WHAT THE EXERCISE ASKS »
Your reply should be one number: how many lines of the records below contain the string "bounded".

SOURCE DATA »
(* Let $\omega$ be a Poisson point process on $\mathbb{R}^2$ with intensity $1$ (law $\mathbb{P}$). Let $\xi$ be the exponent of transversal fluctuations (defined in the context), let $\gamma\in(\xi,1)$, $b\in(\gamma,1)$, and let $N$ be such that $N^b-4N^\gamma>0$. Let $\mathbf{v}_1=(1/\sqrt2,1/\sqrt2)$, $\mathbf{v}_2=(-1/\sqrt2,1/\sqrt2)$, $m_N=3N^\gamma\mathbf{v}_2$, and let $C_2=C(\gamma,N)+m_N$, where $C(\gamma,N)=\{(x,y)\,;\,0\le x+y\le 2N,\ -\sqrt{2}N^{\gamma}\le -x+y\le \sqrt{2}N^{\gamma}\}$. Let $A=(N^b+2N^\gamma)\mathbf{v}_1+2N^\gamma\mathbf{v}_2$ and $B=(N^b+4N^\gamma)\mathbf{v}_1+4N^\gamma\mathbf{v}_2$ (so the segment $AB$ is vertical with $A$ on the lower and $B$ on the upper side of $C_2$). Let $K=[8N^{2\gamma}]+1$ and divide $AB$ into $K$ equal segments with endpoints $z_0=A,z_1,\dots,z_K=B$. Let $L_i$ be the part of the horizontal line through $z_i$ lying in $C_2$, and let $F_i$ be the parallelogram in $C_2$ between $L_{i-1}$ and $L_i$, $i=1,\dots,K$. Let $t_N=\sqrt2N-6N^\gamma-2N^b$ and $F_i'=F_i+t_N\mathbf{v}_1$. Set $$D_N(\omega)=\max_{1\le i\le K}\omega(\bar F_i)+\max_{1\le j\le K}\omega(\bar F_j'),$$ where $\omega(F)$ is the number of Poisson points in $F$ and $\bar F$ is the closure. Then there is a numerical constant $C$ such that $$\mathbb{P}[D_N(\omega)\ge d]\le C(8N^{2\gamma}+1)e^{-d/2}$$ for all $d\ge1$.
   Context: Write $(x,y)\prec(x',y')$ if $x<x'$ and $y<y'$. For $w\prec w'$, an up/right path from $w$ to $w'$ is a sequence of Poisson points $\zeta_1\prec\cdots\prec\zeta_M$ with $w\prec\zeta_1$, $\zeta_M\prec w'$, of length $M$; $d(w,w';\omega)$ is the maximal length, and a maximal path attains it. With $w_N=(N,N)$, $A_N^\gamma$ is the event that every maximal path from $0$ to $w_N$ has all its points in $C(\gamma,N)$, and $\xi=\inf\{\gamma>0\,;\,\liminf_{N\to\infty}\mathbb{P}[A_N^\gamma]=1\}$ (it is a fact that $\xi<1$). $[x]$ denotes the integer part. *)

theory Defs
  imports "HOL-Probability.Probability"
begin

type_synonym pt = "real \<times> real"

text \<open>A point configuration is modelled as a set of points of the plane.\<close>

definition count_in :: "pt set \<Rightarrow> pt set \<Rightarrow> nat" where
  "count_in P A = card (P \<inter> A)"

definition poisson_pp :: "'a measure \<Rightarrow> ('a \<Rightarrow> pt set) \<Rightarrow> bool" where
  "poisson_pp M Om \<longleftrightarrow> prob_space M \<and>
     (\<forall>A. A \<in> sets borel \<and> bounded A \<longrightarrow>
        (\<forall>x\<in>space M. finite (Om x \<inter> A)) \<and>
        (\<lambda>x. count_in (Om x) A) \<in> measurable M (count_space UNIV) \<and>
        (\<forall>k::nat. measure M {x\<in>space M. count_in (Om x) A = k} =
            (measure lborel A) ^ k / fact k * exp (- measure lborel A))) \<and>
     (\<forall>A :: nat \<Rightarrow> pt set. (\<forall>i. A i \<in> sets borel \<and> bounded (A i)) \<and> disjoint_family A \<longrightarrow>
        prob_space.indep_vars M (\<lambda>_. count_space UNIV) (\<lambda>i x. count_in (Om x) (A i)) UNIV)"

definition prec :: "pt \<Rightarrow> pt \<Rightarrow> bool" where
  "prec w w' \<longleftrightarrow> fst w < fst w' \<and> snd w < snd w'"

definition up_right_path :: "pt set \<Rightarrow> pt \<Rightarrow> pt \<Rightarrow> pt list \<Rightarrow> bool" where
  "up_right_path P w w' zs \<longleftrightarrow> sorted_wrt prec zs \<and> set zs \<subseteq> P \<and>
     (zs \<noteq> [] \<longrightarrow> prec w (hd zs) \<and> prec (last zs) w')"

==

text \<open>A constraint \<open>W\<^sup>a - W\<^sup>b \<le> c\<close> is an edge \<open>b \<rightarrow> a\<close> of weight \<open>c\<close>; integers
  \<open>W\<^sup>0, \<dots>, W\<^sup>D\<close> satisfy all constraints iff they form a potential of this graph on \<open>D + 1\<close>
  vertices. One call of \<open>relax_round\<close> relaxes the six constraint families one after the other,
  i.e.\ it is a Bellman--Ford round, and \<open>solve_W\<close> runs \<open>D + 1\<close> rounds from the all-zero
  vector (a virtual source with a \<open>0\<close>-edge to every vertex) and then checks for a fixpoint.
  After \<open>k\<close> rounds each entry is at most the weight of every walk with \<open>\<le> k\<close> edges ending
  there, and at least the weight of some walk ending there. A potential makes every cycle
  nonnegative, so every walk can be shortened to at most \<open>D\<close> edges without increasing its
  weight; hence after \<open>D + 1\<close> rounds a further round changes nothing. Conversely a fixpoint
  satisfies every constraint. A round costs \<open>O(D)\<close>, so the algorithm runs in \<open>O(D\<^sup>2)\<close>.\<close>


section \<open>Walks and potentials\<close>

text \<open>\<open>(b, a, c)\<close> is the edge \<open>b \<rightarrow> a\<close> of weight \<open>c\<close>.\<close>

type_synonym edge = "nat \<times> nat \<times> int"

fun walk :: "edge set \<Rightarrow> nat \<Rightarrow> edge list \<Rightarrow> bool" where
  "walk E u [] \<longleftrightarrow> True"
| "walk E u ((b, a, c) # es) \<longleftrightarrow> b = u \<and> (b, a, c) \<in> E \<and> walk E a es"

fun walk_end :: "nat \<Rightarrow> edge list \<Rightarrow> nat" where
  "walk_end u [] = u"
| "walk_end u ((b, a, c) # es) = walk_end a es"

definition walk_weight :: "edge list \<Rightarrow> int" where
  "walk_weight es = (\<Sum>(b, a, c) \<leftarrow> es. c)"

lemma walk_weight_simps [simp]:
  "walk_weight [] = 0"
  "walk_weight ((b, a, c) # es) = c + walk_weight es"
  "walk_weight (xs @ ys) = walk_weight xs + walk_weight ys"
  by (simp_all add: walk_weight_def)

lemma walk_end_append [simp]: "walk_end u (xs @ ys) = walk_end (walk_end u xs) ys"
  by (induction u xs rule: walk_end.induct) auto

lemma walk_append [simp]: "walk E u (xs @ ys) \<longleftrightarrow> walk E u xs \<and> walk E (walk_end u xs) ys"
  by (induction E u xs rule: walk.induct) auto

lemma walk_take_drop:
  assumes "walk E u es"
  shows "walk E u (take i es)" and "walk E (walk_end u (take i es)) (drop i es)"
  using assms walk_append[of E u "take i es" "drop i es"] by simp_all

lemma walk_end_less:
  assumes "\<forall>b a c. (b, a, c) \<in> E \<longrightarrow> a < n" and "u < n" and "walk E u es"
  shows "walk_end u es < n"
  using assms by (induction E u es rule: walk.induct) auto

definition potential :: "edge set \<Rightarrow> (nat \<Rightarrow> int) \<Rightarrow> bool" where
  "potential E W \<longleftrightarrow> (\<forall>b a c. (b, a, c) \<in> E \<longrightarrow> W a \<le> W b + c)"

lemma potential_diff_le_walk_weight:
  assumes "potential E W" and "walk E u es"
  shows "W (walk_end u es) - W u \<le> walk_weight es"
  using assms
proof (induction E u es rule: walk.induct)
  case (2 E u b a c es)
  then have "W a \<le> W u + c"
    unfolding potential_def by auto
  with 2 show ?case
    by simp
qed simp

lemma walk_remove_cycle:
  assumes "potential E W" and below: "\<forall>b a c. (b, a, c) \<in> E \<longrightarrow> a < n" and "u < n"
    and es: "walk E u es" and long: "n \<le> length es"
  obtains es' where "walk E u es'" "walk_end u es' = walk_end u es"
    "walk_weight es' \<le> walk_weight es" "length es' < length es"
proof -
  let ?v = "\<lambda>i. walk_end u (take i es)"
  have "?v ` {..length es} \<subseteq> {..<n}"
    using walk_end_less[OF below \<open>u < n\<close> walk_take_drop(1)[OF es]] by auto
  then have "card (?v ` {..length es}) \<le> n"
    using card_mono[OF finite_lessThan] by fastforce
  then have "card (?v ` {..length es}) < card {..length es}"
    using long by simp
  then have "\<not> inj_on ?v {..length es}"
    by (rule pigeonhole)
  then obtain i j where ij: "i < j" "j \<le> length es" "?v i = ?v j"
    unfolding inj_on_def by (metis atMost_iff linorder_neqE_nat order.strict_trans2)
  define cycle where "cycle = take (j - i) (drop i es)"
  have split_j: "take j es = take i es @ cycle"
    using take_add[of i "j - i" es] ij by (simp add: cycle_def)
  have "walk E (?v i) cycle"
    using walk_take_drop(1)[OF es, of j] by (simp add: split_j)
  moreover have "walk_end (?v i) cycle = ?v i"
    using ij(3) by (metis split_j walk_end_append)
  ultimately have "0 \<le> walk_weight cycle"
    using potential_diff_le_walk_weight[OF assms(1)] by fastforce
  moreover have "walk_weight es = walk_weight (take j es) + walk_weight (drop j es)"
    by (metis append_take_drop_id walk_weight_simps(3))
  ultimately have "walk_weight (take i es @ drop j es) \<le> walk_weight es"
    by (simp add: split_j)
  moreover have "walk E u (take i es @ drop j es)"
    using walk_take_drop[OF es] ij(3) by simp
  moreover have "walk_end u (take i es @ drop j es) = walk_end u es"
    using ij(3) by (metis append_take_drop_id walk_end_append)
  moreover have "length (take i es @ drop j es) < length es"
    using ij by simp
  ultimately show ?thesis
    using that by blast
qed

==

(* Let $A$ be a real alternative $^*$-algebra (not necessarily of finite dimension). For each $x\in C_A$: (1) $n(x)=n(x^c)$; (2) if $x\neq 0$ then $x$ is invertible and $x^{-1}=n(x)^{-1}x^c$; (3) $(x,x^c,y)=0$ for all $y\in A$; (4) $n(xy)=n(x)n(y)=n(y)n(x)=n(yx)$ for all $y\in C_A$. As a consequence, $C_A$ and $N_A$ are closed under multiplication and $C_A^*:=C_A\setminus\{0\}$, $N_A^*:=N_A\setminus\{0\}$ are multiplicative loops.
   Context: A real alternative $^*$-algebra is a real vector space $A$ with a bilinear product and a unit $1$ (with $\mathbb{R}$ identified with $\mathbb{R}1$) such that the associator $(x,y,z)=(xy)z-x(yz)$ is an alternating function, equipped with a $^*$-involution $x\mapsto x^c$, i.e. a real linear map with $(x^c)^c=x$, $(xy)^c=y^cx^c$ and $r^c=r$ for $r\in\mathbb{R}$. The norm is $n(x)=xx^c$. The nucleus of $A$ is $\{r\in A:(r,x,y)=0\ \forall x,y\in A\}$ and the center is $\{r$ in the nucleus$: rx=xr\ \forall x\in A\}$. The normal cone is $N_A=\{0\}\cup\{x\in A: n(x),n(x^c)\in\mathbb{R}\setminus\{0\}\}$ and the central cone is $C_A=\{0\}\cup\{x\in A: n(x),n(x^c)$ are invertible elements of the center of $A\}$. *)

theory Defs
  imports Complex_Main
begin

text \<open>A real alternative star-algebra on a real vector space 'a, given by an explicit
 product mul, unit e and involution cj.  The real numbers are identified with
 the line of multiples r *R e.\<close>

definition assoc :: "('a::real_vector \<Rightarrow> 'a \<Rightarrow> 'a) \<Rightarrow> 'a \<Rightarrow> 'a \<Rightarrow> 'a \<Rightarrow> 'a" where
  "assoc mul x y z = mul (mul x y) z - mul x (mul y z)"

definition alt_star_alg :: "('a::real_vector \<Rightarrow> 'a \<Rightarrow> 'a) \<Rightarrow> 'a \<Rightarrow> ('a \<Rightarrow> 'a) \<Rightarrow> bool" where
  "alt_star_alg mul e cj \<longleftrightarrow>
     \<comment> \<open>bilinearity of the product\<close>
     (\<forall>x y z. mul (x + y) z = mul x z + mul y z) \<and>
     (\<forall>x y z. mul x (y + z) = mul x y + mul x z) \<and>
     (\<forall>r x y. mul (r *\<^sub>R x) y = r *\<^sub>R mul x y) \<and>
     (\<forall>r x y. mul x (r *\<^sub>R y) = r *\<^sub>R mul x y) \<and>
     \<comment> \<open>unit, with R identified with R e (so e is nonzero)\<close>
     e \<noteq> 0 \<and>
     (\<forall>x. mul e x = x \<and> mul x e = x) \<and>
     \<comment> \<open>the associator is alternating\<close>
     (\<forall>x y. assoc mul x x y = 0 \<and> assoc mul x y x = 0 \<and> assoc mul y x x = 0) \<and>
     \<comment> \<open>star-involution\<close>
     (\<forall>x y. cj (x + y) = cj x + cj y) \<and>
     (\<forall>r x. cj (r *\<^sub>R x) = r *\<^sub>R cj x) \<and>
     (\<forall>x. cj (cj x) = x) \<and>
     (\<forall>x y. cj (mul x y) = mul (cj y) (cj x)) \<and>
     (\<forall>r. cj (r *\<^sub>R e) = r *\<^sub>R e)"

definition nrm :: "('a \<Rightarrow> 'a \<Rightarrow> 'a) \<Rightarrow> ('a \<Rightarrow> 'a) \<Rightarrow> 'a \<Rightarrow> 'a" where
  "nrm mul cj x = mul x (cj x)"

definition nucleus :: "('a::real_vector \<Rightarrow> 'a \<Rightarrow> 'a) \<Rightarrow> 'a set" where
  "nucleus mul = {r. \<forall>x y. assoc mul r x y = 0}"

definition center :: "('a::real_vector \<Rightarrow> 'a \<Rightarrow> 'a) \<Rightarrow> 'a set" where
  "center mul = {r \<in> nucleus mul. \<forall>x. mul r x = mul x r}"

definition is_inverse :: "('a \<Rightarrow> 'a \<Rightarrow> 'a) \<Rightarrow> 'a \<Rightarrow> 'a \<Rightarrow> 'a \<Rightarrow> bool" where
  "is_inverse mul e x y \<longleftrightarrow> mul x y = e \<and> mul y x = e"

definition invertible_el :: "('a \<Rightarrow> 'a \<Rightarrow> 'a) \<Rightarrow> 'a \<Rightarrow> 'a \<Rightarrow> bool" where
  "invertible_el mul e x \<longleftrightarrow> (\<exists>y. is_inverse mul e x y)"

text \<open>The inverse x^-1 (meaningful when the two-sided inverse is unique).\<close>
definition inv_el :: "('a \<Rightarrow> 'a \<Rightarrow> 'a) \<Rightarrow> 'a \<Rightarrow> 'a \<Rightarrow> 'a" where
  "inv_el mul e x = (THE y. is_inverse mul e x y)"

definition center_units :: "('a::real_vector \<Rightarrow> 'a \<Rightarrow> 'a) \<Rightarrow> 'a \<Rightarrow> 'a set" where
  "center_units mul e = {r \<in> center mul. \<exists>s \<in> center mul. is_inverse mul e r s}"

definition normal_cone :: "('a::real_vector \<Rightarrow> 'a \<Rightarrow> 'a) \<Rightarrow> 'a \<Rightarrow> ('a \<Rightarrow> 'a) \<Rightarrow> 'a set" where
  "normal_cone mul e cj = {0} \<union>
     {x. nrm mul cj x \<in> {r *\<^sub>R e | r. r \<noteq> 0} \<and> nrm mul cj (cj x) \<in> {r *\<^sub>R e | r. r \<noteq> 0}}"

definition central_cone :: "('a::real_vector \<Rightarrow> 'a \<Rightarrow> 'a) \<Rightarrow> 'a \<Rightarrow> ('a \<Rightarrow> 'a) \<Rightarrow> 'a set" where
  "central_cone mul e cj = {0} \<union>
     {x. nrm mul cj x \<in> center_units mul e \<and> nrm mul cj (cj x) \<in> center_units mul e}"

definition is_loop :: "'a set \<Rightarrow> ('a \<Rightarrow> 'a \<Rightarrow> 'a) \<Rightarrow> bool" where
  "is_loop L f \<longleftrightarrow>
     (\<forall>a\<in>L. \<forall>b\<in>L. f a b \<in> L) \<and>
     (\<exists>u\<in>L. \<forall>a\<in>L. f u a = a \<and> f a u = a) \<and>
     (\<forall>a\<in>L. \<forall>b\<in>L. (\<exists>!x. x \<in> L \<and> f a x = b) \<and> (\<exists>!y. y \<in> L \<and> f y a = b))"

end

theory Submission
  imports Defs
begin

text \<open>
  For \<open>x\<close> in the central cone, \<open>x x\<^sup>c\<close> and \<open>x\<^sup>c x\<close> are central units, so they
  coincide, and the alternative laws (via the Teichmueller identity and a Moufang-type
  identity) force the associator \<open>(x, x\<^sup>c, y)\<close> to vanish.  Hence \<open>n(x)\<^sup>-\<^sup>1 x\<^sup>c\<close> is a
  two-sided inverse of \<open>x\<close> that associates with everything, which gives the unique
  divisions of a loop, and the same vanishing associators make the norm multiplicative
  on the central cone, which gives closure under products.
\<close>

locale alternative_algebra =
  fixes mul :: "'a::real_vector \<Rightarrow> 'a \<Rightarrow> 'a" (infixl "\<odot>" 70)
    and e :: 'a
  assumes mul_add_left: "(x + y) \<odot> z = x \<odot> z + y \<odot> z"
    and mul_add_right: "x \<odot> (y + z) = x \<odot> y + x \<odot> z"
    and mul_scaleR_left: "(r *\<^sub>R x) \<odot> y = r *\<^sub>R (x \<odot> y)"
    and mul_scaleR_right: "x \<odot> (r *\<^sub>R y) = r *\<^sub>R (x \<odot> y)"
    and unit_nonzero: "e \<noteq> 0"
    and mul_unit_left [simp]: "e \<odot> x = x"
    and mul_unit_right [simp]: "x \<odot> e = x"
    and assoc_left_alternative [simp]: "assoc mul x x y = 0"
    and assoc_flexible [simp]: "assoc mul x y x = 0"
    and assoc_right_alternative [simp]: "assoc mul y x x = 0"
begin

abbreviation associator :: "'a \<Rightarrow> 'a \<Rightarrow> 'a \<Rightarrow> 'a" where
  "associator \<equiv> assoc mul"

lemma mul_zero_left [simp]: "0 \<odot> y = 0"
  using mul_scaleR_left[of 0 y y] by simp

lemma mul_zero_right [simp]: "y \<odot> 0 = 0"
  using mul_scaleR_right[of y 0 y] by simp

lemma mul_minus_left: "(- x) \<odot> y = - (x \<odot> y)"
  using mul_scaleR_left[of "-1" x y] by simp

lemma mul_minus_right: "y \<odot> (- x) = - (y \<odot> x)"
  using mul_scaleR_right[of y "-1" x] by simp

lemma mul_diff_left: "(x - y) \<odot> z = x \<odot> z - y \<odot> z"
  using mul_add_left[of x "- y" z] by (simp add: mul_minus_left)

YOUR RESPONSE »
2